Dataset Preprocessing for Skyfall-GS

This repository is forked from Kai-46/SatelliteSfM. Special thanks to Kai Zhang for the original work!

This repository provides tools for preparing datasets for Skyfall-GS from two different sources:

COLMAP reconstructions - Convert existing COLMAP sparse reconstructions
Satellite imagery - Process satellite images with RPC camera models

COLMAP Dataset Conversion

If you already have reconstruction results from COLMAP, you can convert them using the provided script.

Usage

python convert_colmap_datasets.py -s /path/to/colmap_output [--skip_calibration]

What it does

This script:

Reads camera data from the COLMAP sparse model located at <dataset>/sparse/0
Generates transforms_train.json and transforms_test.json in the dataset directory
Automatically rotates and centers cameras so that:
- The look-at point is at the scene origin
- The up vector is (0, 0, 1)

✓ Dataset Ready! After conversion, your dataset is ready for training with Skyfall-GS. Head over to the Skyfall-GS repository to train 3DGS models on your prepared dataset.

Satellite Imagery Processing

What is RPC (Rational Polynomial Camera) Model?
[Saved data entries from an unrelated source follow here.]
(* Let $G=(V,E)$ be a finite graph and let $\underline{r}^G=(r_v)_{v\in V}\in\mathbb{Z}^{V}$. Let $H$ be an arbitrary $2$-cover of $G$, and let $G\cup G$ denote the disjoint union of two copies of $G$ (itself a $2$-cover of $G$). Let $\underline{r}$ denote the vector induced by $\underline{r}^G$ on $H$ and on $G\cup G$, i.e. each lift $u'$ of a vertex $u\in V$ gets value $r_{u'}=r_u$. Then $$\varepsilon_{\underline{r}}(G\cup G)\geq \varepsilon_{\underline{r}}(H).$$ In other words, for any $\underline{r}\in\mathbb{Z}^{V}$, among all $2$-covers $H$ of $G$ the quantity $\varepsilon_{\underline{r}}(H)$ is maximized by $G\cup G$.
   Context: A $2$-cover of $G$ is a graph with vertex set $V\times\{0,1\}$ obtained by choosing, for every edge $uv\in E$, either the pair of edges $(u,0)(v,0),(u,1)(v,1)$ or the pair $(u,0)(v,1),(u,1)(v,0)$, and having no other edges. For a graph $F$ and a vector $\underline{r}=(r_v)\in\mathbb{Z}^{V(F)}$, $\varepsilon_{\underline{r}}(F)$ denotes the number of orientations of $F$ in which every vertex $v$ has in-degree exactly $r_v$. *)

theory Defs
  imports Main
begin

definition simple_graph :: "'a set \<Rightarrow> 'a set set \<Rightarrow> bool" where
  "simple_graph V E \<longleftrightarrow> finite V \<and> (\<forall>e\<in>E. \<exists>u v. u \<in> V \<and> v \<in> V \<and> u \<noteq> v \<and> e = {u, v})"

text \<open>An orientation of (V,E) is encoded by its head map: each edge e is sent to the endpoint
  it points to (its head); the map is extensional (undefined off E).\<close>
definition orientations :: "'a set set \<Rightarrow> ('a set \<Rightarrow> 'a) set" where
  "orientations E = {h. (\<forall>e\<in>E. h e \<in> e) \<and> (\<forall>e. e \<notin> E \<longrightarrow> h e = undefined)}"

definition indeg :: "'a set set \<Rightarrow> ('a set \<Rightarrow> 'a) \<Rightarrow> 'a \<Rightarrow> nat" where
  "indeg E h v = card {e \<in> E. h e = v}"

definition eps :: "'a set \<Rightarrow> 'a set set \<Rightarrow> ('a \<Rightarrow> int) \<Rightarrow> nat" where
  "eps V E r = card {h \<in> orientations E. \<forall>v\<in>V. int (indeg E h v) = r v}"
The RPC (Rational Polynomial Camera) model is a standard camera model used in satellite imagery that describes the relationship between 3D world coordinates and 2D image coordinates using rational polynomial functions.

Overview

Unlike traditional pinhole camera models used in computer vision, satellite imagery requires a different approach due to:

Orbital motion - The satellite is moving during image capture
Earth curvature - Large ground coverage areas where Earth's curvature matters
Atmospheric effects - Refraction and distortion through the atmosphere
Complex optics - Push-broom sensors and other specialized imaging systems

The RPC model provides a generalized, vendor-agnostic representation that abstracts away these complexities into a mathematical model.

Mathematical Formulation

The RPC model uses rational polynomials to map between:

(Lat, Lon, Alt) - 3D world coordinates (latitude, longitude, altitude)
(Row, Col) - 2D image pixel coordinates

The transformation is expressed as:

Row = P1(X,Y,Z) / P2(X,Y,Z)
Col = P3(X,Y,Z) / P4(X,Y,Z)

Where:

P1, P2, P3, P4 are polynomial functions (typically cubic, with up to 20 coefficients each)
X, Y, Z are normalized 3D coordinates derived from Lat, Lon, Alt

For more technical details, see the RPC specification (GeoTIFF format).

Installation

Requirements:

Linux machine with at least one GPU
Conda package manager

Setup:

. ./env.sh

Download DFC2019 Dataset

This repository processes satellite imagery in .tif format with RPC camera metadata, following the format used in the public benchmark: DFC2019 Track 3: Multi-View Semantic Stereo.

The dataset contains multi-view satellite imagery of two US cities:

JAX - Jacksonville, Florida
OMA - Omaha, Nebraska

Required downloads:

Track 3 / Training data / RGB images 1/2 (7.6 GB)
Track 3 / Training data / RGB images 2/2 (7.6 GB)
Track 3 / Training data / Reference (37.46 MB)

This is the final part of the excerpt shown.